Friedman grew up in Parkland, Florida, where a gunman killed 17 people at a high school in 2018. Friedman wasn’t at that shooting, but his hometown neighbors and friends felt the shockwaves of that mass shooting.
His connection to gun violence fueled his interest in gun law research. It was during the course of that research that Friedman stumbled upon an apparent oversight in an increasingly popular legal tool used to keep guns out of dangerous hands.
“I noticed that precursor parts weren’t mentioned under the definition of firearms for gun violence restraining orders,” Friedman explained.
Gun Violence Restraining Orders, or GVROs, allow police to remove firearms from people deemed by a judge to pose a danger to themselves, their family or the community.
Earlier this month, Chula Vista police say they used a GVRO to confiscate a cache of weapons from the husband of missing Chula Vista mother Maya Millete. The order was requested after police say they found a photo with one of the couple’s young children surrounded by firearms.
According to the GVRO, most of the 14 firearms CVPD seized were unserialized, also known as ghost guns. Millete’s husband has denied any involvement in her disappearance.
Because those homemade guns were finished and functional, police could and did seize them. But had police found unassembled gun parts like these, officers wouldn't have been able to take them because the parts aren’t considered guns under the law.
“When I found out these ghost guns are not subject to California’s gun violence restraining orders,” said Assemblywoman Cottie Petrie-Norris (74th District - Orange County). “I was shocked, and I knew something had to be done to close this dangerous loophole”
Petrie-Norris worked with Friedman to author State Bill 1057, which classifies ghost gun parts as weapons that could be seized through a GVRO.
The bill has the support of the San Diego City Attorney’s office, which told NBC 7 Investigates that from 2018 to 2020, GVROs were served in roughly 550 cases.

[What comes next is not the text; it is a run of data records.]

(* For every sketch $Q$ with $d$ parameter holes, every $v\in\mathbb{R}^d$, every $u\in\mathbb{R}^d_{>0}$, every trajectory $z$ of length $n$, and all indices $0\le i\le j\le n$, the $(i,j)$ entry of $[\![Q]\!]^M_{v,u}(z)$ equals $[\![Q]\!]^q_{v,u}(z_{i:j})$. In particular, $[\![Q]\!]^q_{v,u}(z)$ equals the $(0,n)$ entry of $[\![Q]\!]^M_{v,u}(z)$.
   Context: Fix a set $\mathcal{X}$ of states. A trajectory is a finite sequence $z=(x_0,\dots,x_{n-1})\in\mathcal{X}^*$ of length $n$; for $0\le i\le j\le n$, $z_{i:j}=(x_i,\dots,x_{j-1})$ (empty if $i=j$). Fix predicates of two kinds: a non-parametric predicate $\varphi$ has $\mathsf{sat}_\varphi:\mathcal{X}^*\to\{0,1\}$; a parametric predicate $\varphi$ has a bounded scoring function $\iota_\varphi:\mathcal{X}^*\to\mathbb{R}$. Sketches are generated by $Q::=\varphi_{??i}\mid\varphi\mid Q\,;\,Q\mid Q^k\mid Q\wedge Q$, where $\varphi_{??i}$ is a parametric predicate with a parameter hole labelled $i\in\{1,\dots,d\}$, $\varphi$ in the second case is non-parametric, and $Q^k$ ($k\ge1$) is $k$-fold sequencing $Q\,;\cdots;\,Q$. Quantitative semantics (values in $\mathbb{R}\cup\{\pm\infty\}$), for $v\in\mathbb{R}^d$, $u\in\mathbb{R}^d_{>0}$ and a trajectory $w$ of length $m$: $[\![\varphi_{??i}]\!]^q_{v,u}(w)=(\iota_\varphi(w)-v_i)/u_i$; $[\![\varphi]\!]^q_{v,u}(w)=\infty$ if $\mathsf{sat}_\varphi(w)=1$ and $-\infty$ otherwise; $[\![Q_1\wedge Q_2]\!]^q_{v,u}(w)=\min\{[\![Q_1]\!]^q_{v,u}(w),[\![Q_2]\!]^q_{v,u}(w)\}$; $[\![Q_1\,;\,Q_2]\!]^q_{v,u}(w)=\max_{0\le k\le m}\min\{[\![Q_1]\!]^q_{v,u}(w_{0:k}),[\![Q_2]\!]^q_{v,u}(w_{k:m})\}$. Matrix semantics: for $z$ of length $n$, $[\![Q]\!]^M_{v,u}(z)$ is an $(n+1)\times(n+1)$ matrix over $\mathbb{R}\cup\{\pm\infty\}$ indexed by $0,\dots,n$: for $Q=\varphi_{??i}$ the $(i',j')$ entry is $(\iota_\varphi(z_{i':j'})-v_i)/u_i$ if $i'\le j'$ and $-\infty$ if $i'>j'$; for non-parametric $Q=\varphi$ the $(i',j')$ entry is $[\![\varphi]\!]^q_{v,u}(z_{i':j'})$ if $i'\le j'$ and $-\infty$ otherwise; $[\![Q_1\wedge Q_2]\!]^M_{v,u}(z)$ is the entrywise minimum of the two matrices; $[\![Q_1\,;\,Q_2]\!]^M_{v,u}(z)=A\cdot B$ with $A=[\![Q_1]\!]^M_{v,u}(z)$, $B=[\![Q_2]\!]^M_{v,u}(z)$ and $(A\cdot B)_{i',j'}=\max_{0\le k\le n}\min\{A_{i',k},B_{k,j'}\}$. *)

theory Defs
  imports "HOL-Library.Extended_Real"
begin

definition slice :: "'x list \<Rightarrow> nat \<Rightarrow> nat \<Rightarrow> 'x list" where
  "slice z i j = take (j - i) (drop i z)"

text \<open>Sketches. A parametric predicate is given by its scoring function iota,
  a non-parametric one by its satisfaction function sat.
  Iter k Q stands for Q^k (k-fold sequencing, k \<ge> 1).\<close>
datatype 'x sketch =
    Hole "'x list \<Rightarrow> real" nat
  | Pred "'x list \<Rightarrow> bool"
  | Seq "'x sketch" "'x sketch"
  | Iter nat "'x sketch"
  | Conj "'x sketch" "'x sketch"

fun wf_sketch :: "nat \<Rightarrow> 'x sketch \<Rightarrow> bool" where
  "wf_sketch d (Hole iota i) = (1 \<le> i \<and> i \<le> d \<and> (\<exists>B. \<forall>w. \<bar>iota w\<bar> \<le> B))"
| "wf_sketch d (Pred s) = True"
| "wf_sketch d (Seq Q1 Q2) = (wf_sketch d Q1 \<and> wf_sketch d Q2)"
| "wf_sketch d (Iter k Q) = (1 \<le> k \<and> wf_sketch d Q)"
| "wf_sketch d (Conj Q1 Q2) = (wf_sketch d Q1 \<and> wf_sketch d Q2)"

definition seq_q :: "('x list \<Rightarrow> ereal) \<Rightarrow> ('x list \<Rightarrow> ereal) \<Rightarrow> 'x list \<Rightarrow> ereal" where
  "seq_q f g w = Max ((\<lambda>k. min (f (slice w 0 k)) (g (slice w k (length w)))) ` {0..length w})"

fun iter_q :: "nat \<Rightarrow> ('x list \<Rightarrow> ereal) \<Rightarrow> 'x list \<Rightarrow> ereal" where
  "iter_q 0 f = f"
| "iter_q (Suc 0) f = f"
| "iter_q (Suc (Suc k)) f = seq_q f (iter_q (Suc k) f)"

text \<open>Parameters v, u indexed by 1..d (as functions nat \<Rightarrow> real).\<close>
fun qsem :: "'x sketch \<Rightarrow> (nat \<Rightarrow> real) \<Rightarrow> (nat \<Rightarrow> real) \<Rightarrow> 'x list \<Rightarrow> ereal" where
  "qsem (Hole iota i) v u w = ereal ((iota w - v i) / u i)"
| "qsem (Pred s) v u w = (if s w then \<infinity> else -\<infinity>)"
| "qsem (Conj Q1 Q2) v u w = min (qsem Q1 v u w) (qsem Q2 v u w)"
| "qsem (Seq Q1 Q2) v u w = seq_q (qsem Q1 v u) (qsem Q2 v u) w"
| "qsem (Iter k Q) v u w = iter_q k (qsem Q v u) w"

text \<open>Matrices indexed by 0..n, represented as functions; product over k \<in> {0..n}.\<close>
type_synonym mat = "nat \<Rightarrow> nat \<Rightarrow> ereal"

definition mat_mult :: "nat \<Rightarrow> mat \<Rightarrow> mat \<Rightarrow> mat" where
  "mat_mult n A B = (\<lambda>i j. Max ((\<lambda>k. min (A i k) (B k j)) ` {0..n}))"

fun iter_m :: "nat \<Rightarrow> nat \<Rightarrow> mat \<Rightarrow> mat" where
  "iter_m n 0 A = A"
| "iter_m n (Suc 0) A = A"
| "iter_m n (Suc (Suc k)) A = mat_mult n A (iter_m n (Suc k) A)"

fun msem :: "'x sketch \<Rightarrow> (nat \<Rightarrow> real) \<Rightarrow> (nat \<Rightarrow> real) \<Rightarrow> 'x list \<Rightarrow> mat" where
  "msem (Hole iota i) v u z = (\<lambda>i' j'. if i' \<le> j' then ereal ((iota (slice z i' j') - v i) / u i) else -\<infinity>)"
| "msem (Pred s) v u z = (\<lambda>i' j'. if i' \<le> j' then qsem (Pred s) v u (slice z i' j') else -\<infinity>)"
| "msem (Conj Q1 Q2) v u z = (\<lambda>i' j'. min (msem Q1 v u z i' j') (msem Q2 v u z i' j'))"
| "msem (Seq Q1 Q2) v u z = mat_mult (length z) (msem Q1 v u z) (msem Q2 v u z)"
| "msem (Iter k Q) v u z = iter_m (length z) k (msem Q v u z)"

end

theory Submission
  imports Defs
begin

text \<open>Both semantics are maxima over split points. For a matrix whose entries below the diagonal
  are \<open>-\<infinity>\<close>, the split points \<open>k\<close> of a product entry \<open>(i, j)\<close> outside \<open>{i..j}\<close> contribute
  \<open>-\<infinity>\<close> and can be dropped; the remaining ones, shifted by \<open>i\<close>, are exactly the split points of
  the sequential composition on \<open>z\<^sub>i\<^sub>:\<^sub>j\<close>. Upper triangularity is itself preserved by products,
  so both properties follow together by induction on the sketch.\<close>

definition upper_triangular :: "mat \<Rightarrow> bool" where
  "upper_triangular A \<longleftrightarrow> (\<forall>i j. j < i \<longrightarrow> A i j = -\<infinity>)"

definition represents_on_slices :: "'x list \<Rightarrow> mat \<Rightarrow> ('x list \<Rightarrow> ereal) \<Rightarrow> bool" where
  "represents_on_slices z A f \<longleftrightarrow> (\<forall>i j. i \<le> j \<and> j \<le> length z \<longrightarrow> A i j = f (slice z i j))"

lemma length_slice: "i \<le> j \<Longrightarrow> j \<le> length z \<Longrightarrow> length (slice z i j) = j - i"
  by (simp add: slice_def)

lemma slice_full [simp]: "slice z 0 (length z) = z"
  by (simp add: slice_def)

lemma slice_slice_prefix:
  "i \<le> j \<Longrightarrow> j \<le> length z \<Longrightarrow> k \<le> j - i \<Longrightarrow> slice (slice z i j) 0 k = slice z i (i + k)"
  by (simp add: slice_def min_def)

lemma slice_slice_suffix:
  "i \<le> j \<Longrightarrow> j \<le> length z \<Longrightarrow> k \<le> j - i
    \<Longrightarrow> slice (slice z i j) k (length (slice z i j)) = slice z (i + k) j"
  by (simp add: slice_def min_def drop_take add.commute)

lemma seq_q_slice:
  assumes "i \<le> j" "j \<le> length z"
  shows "seq_q f g (slice z i j) = Max ((\<lambda>k. min (f (slice z i k)) (g (slice z k j))) ` {i..j})"
proof -
  have "{i..j} = (\<lambda>k. i + k) ` {0..j - i}"
    using assms(1) by (auto simp: image_iff intro!: exI[of _ "_ - i"])
  then have "(\<lambda>k. min (f (slice z i k)) (g (slice z k j))) ` {i..j}
      = (\<lambda>k. min (f (slice z i (i + k))) (g (slice z (i + k) j))) ` {0..j - i}"
    by (simp only: image_image)
  also have "\<dots> = (\<lambda>k. min (f (slice (slice z i j) 0 k))
                        (g (slice (slice z i j) k (length (slice z i j))))) ` {0..j - i}"
    using assms by (intro image_cong) (auto simp: slice_slice_prefix slice_slice_suffix)
  finally show ?thesis
    using assms by (simp add: seq_q_def length_slice)
qed

lemma upper_triangular_mat_mult:
  assumes "upper_triangular A" "upper_triangular B"
  shows "upper_triangular (mat_mult n A B)"
  unfolding upper_triangular_def
proof (intro allI impI)
  fix i j :: nat
  assume "j < i"
  then have "min (A i k) (B k j) = -\<infinity>" for k
    using assms unfolding upper_triangular_def by (cases "k < i") auto
  then show "mat_mult n A B i j = -\<infinity>"
    by (simp add: mat_mult_def image_constant_conv)
qed

lemma mat_mult_upper_triangular_entry:
  assumes "upper_triangular A" "upper_triangular B" "i \<le> j" "j \<le> n"
  shows "mat_mult n A B i j = Max ((\<lambda>k. min (A i k) (B k j)) ` {i..j})"
proof -
  let ?h = "\<lambda>k. min (A i k) (B k j)"
  have outside: "?h k = -\<infinity>" if "k \<notin> {i..j}" for k
    using that assms(1,2) unfolding upper_triangular_def by (auto simp: not_le)
  have "Max (?h ` {0..n}) \<le> Max (?h ` {i..j})"
  proof (rule Max.boundedI)
    fix a
    assume "a \<in> ?h ` {0..n}"
    then obtain k where "a = ?h k" by blast
    then show "a \<le> Max (?h ` {i..j})"
      using outside[of k] assms(3) by (cases "k \<in> {i..j}") auto
  qed auto
  moreover have "Max (?h ` {i..j}) \<le> Max (?h ` {0..n})"
    using assms(3,4) by (intro Max_mono) auto
  ultimately show ?thesis
    unfolding mat_mult_def by (rule antisym)
qed

lemma represents_on_slices_mat_mult:
  assumes "upper_triangular A" "upper_triangular B"
    and "represents_on_slices z A f" "represents_on_slices z B g"
  shows "represents_on_slices z (mat_mult (length z) A B) (seq_q f g)"
  unfolding represents_on_slices_def
proof (intro allI impI, elim conjE)
  fix i j
  assume ij: "i \<le> j" and jz: "j \<le> length z"
  have "mat_mult (length z) A B i j = Max ((\<lambda>k. min (A i k) (B k j)) ` {i..j})"
    using assms(1,2) ij jz by (rule mat_mult_upper_triangular_entry)
  also have "\<dots> = Max ((\<lambda>k. min (f (slice z i k)) (g (slice z k j))) ` {i..j})"
    using assms(3,4) jz unfolding represents_on_slices_def
    by (intro arg_cong[where f = Max] image_cong) auto
  also have "\<dots> = seq_q f g (slice z i j)"
    using ij jz by (rule seq_q_slice[symmetric])
  finally show "mat_mult (length z) A B i j = seq_q f g (slice z i j)" .
qed

lemma iter_m_upper_triangular_represents:
  assumes "upper_triangular A" "represents_on_slices z A f"
  shows "upper_triangular (iter_m (length z) k A)
    \<and> represents_on_slices z (iter_m (length z) k A) (iter_q k f)"
proof (induction k rule: induct_nat_012)
  case (ge2 k)
  then show ?case
    unfolding iter_m.simps iter_q.simps
    using assms upper_triangular_mat_mult represents_on_slices_mat_mult by blast
qed (use assms in simp_all)

lemma msem_upper_triangular_represents:
  "upper_triangular (msem Q v u z) \<and> represents_on_slices z (msem Q v u z) (qsem Q v u)"
proof (induction Q)
  case (Seq Q1 Q2)
  have "qsem (Seq Q1 Q2) v u = seq_q (qsem Q1 v u) (qsem Q2 v u)" by auto
  then show ?case
    unfolding msem.simps using Seq.IH upper_triangular_mat_mult represents_on_slices_mat_mult
    by metis
next
  case (Iter k Q)
  have "qsem (Iter k Q) v u = iter_q k (qsem Q v u)" by auto
  then show ?case
    unfolding msem.simps using Iter.IH iter_m_upper_triangular_represents by metis
qed (auto simp: upper_triangular_def represents_on_slices_def)

theorem theorem4:
  fixes Q :: "'x sketch" and d :: nat and v u :: "nat \<Rightarrow> real" and z :: "'x list"
  assumes "wf_sketch d Q"
    and "\<forall>i\<in>{1..d}. u i > 0"
  shows "(\<forall>i j. i \<le> j \<and> j \<le> length z \<longrightarrow> msem Q v u z i j = qsem Q v u (slice z i j))
         \<and> qsem Q v u z = msem Q v u z 0 (length z)"
proof -
  have entries: "\<forall>i j. i \<le> j \<and> j \<le> length z \<longrightarrow> msem Q v u z i j = qsem Q v u (slice z i j)"
    using msem_upper_triangular_represents unfolding represents_on_slices_def by blast
  then have "msem Q v u z 0 (length z) = qsem Q v u z"
    by (metis le0 order_refl slice_full)
  with entries show ?thesis by simp
qed

end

While we don’t know how many of those cases included ghost guns; 36% of them were linked to family violence; one-third were linked to suicide or self-harm; 16% involved threats to strangers; 11% were threats to acquaintances or neighbors, and 8% were threats to schools or workplaces.

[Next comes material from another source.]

(* Consider the linear model $\mathbf{y}=\mathbf{X}\boldsymbol\beta_0+\boldsymbol\varepsilon$, where $\mathbf{X}=(\mathbf{x}_1,\dots,\mathbf{x}_p)$ is a deterministic $n\times p$ design matrix with $\|\mathbf{x}_j\|_2=n^{1/2}$ for all $j$, $\boldsymbol\beta_0\in\mathbb{R}^p$ is the true coefficient vector with $s=\|\boldsymbol\beta_0\|_0$, and $\boldsymbol\varepsilon\sim N(\mathbf{0},\sigma^2I_n)$ for some $\sigma>0$. Let $\widetilde p=n\vee p$. Fix a constant $c>0$ and let $M=\mathrm{rspark}_c(\mathbf{X})$ be the robust spark of $\mathbf{X}$ with bound $c$. Assume (in an asymptotic regime $n\to\infty$) that $s<M/2$, $s=o(n)$, and $$b_0:=\min_{j\in\mathrm{supp}(\boldsymbol\beta_0)}|\beta_{0,j}|>\left(\sqrt{16/c^2}\vee1\right)c^{-1}c_2\sqrt{(2s+1)(\log\widetilde p)/n}$$ for some constant $c_2\ge\sqrt{10}\,\sigma$. Suppose the regularization parameter satisfies $$c^{-1}c_2\sqrt{(2s+1)(\log\widetilde p)/n}<\lambda<b_0\left(1\wedge\sqrt{c^2/2}\right).$$ Let $p_\lambda$ be either the hard-thresholding penalty $p_{H,\lambda}(t)=\tfrac12[\lambda^2-(\lambda-t)_+^2]$ or the $L_0$-penalty $p_{H_0,\lambda}(t)=\tfrac12\lambda^21_{\{t\ne0\}}$ ($t\ge0$), and let $$\hat{\boldsymbol\beta}=\arg\min_{\boldsymbol\beta\in\mathbb{S}_{M/2}}Q(\boldsymbol\beta),\qquad Q(\boldsymbol\beta)=(2n)^{-1}\|\mathbf{y}-\mathbf{X}\boldsymbol\beta\|_2^2+\sum_{j=1}^p p_\lambda(|\beta_j|),$$ where $\mathbb{S}_{M/2}=\{\boldsymbol\beta\in\mathbb{R}^p:\|\boldsymbol\beta\|_0<M/2\}$. Then, for both penalties, with probability at least $$1-(2/\pi)^{1/2}c_2^{-1}\sigma(\log\widetilde p)^{-1/2}\widetilde p^{\,1-c_2^2/(2\sigma^2)}-(2/\pi)^{1/2}c_2'^{-1}\sigma s(\log n)^{-1/2}n^{-c_2'^2/(2\sigma^2)}$$ for some positive constant $c_2'\ge\sqrt2\,\sigma$, the following hold simultaneously: (a) $\mathrm{supp}(\hat{\boldsymbol\beta})=\mathrm{supp}(\boldsymbol\beta_0)$; (b) $n^{-1/2}\|\mathbf{X}(\hat{\boldsymbol\beta}-\boldsymbol\beta_0)\|_2\le 2c_2'c^{-1}\sqrt{s(\log n)/n}$; (c) $\|\hat{\boldsymbol\beta}-\boldsymbol\beta_0\|_q\le 2c^{-2}c_2's^{1/q}\sqrt{(\log n)/n}$ for all $q\in[1,2]$, and $\|\hat{\boldsymbol\beta}-\boldsymbol\beta_0\|_\infty\le 2c^{-2}c_2's^{1/2}\sqrt{(\log n)/n}$.
   Context: Robust spark: for an $n\times p$ matrix $\mathbf{X}$ and $c>0$, $\mathrm{rspark}_c(\mathbf{X})$ is the smallest number $\tau$ such that there exists a subgroup of $\tau$ columns of $n^{-1/2}\mathbf{X}$ whose corresponding submatrix has a singular value less than $c$; equivalently, it is the largest $\tau$ with $\min_{\|\boldsymbol\delta\|_0<\tau,\ \|\boldsymbol\delta\|_2=1}n^{-1/2}\|\mathbf{X}\boldsymbol\delta\|_2\ge c$. $\mathrm{supp}(\boldsymbol\beta)=\{j:\beta_j\ne0\}$, $\|\boldsymbol\beta\|_0=|\mathrm{supp}(\boldsymbol\beta)|$, $a\vee b=\max(a,b)$, $a\wedge b=\min(a,b)$, $(x)_+=\max(x,0)$. $\hat{\boldsymbol\beta}$ denotes a global minimizer of $Q$ over $\mathbb{S}_{M/2}$. *)

theory Defs
  imports "HOL-Probability.Probability" "HOL-Library.Landau_Symbols"
begin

The City Attorney also said they saw a spike in suicide threats during 2020, and recently hit a milestone of confiscating more than 1,000 guns through GVROs, including 48 assault weapons.
“This is a huge problem,” said Petrie-Norris. “Because we have gun violence restraining orders in place to protect our community from people who we know are dangerous. Right now, these people are not allowed to have traditional guns, but they’re allowed to have and to build ghost guns, that is a huge danger to the community, so we’ve got to close that loophole to keep all of us safe.”

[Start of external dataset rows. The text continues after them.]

(* Let $I_n$ denote the number of inversion sequences of length $n$ avoiding all of the patterns $010,101,120,201,210$ (with $I_0=1$). Define the power series $$X_1=\frac{2+z-\sqrt5\,z-\sqrt{4-4(3+\sqrt5)z-2(\sqrt5-3)z^2}}{4z}=1+\tfrac12(1+\sqrt5)z+(2+\sqrt5)z^2+\cdots,$$ $$X_3=\frac{2+z+\sqrt5\,z-\sqrt{4+4(\sqrt5-3)z+2(3+\sqrt5)z^2}}{4z}=1+\tfrac12(1-\sqrt5)z+(2-\sqrt5)z^2+\cdots$$ (square roots being the power series with constant term $2$); these are the two power series roots in $x$ of $z^2x^4-z^2x^3-2zx^3-z^2x^2+3zx^2+x^2-zx-2x+1$. Then $$\sum_{n\ge0}I_nz^n=-\frac{X_1z+X_3z-1}{X_1X_3z^2-X_1z-X_3z-z+1}=1+z+2z^2+5z^3+15z^4+51z^5+188z^6+733z^7+\cdots.$$
   Context: An inversion sequence of length $n$ is an integer sequence $(a_1,\dots,a_n)$ with $0\le a_i<i$ for all $i$. A pattern is a sequence $\sigma$ of non-negative integers containing every value from $0$ to $\max(\sigma)$; the reduction of a sequence replaces its smallest values by $0$, the next smallest by $1$, etc. A sequence $a$ contains $\sigma$ if some (not necessarily consecutive) subsequence of $a$ has reduction $\sigma$; otherwise $a$ avoids $\sigma$. Equivalently, these are the inversion sequences with no $i<j<k$ such that $a_i\ne a_j$, $a_j\ne a_k$ and $a_i\ge a_k$. *)

theory Defs
  imports Complex_Main "HOL-Library.Sublist" "HOL-Computational_Algebra.Formal_Power_Series"
begin

text \<open>Inversion sequences, stored 0-indexed: position i (0-based) corresponds to a_{i+1},
  so the condition 0 <= a_{i+1} < i+1 becomes a!i <= i.\<close>
definition inversion_seq :: "nat \<Rightarrow> nat list \<Rightarrow> bool" where
  "inversion_seq n a \<longleftrightarrow> length a = n \<and> (\<forall>i<n. a ! i < Suc i)"

definition reduction :: "nat list \<Rightarrow> nat list" where
  "reduction xs = map (\<lambda>x. card {y \<in> set xs. y < x}) xs"

definition contains_pattern :: "nat list \<Rightarrow> nat list \<Rightarrow> bool" where
  "contains_pattern a \<sigma> \<longleftrightarrow> (\<exists>ys. subseq ys a \<and> reduction ys = \<sigma>)"

definition avoids :: "nat list \<Rightarrow> nat list \<Rightarrow> bool" where
  "avoids a \<sigma> \<longleftrightarrow> \<not> contains_pattern a \<sigma>"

Bill 1057 passed through the Assembly unanimously, and just this week it was assigned to a committee in the state Senate, which it must also clear before it can get to the governor’s desk.
Petrie-Norris is confident the bill will become law, but said ultimately California can only do so much.
She said people will just drive across state lines to circumvent the law until there is real gun reform at the federal level.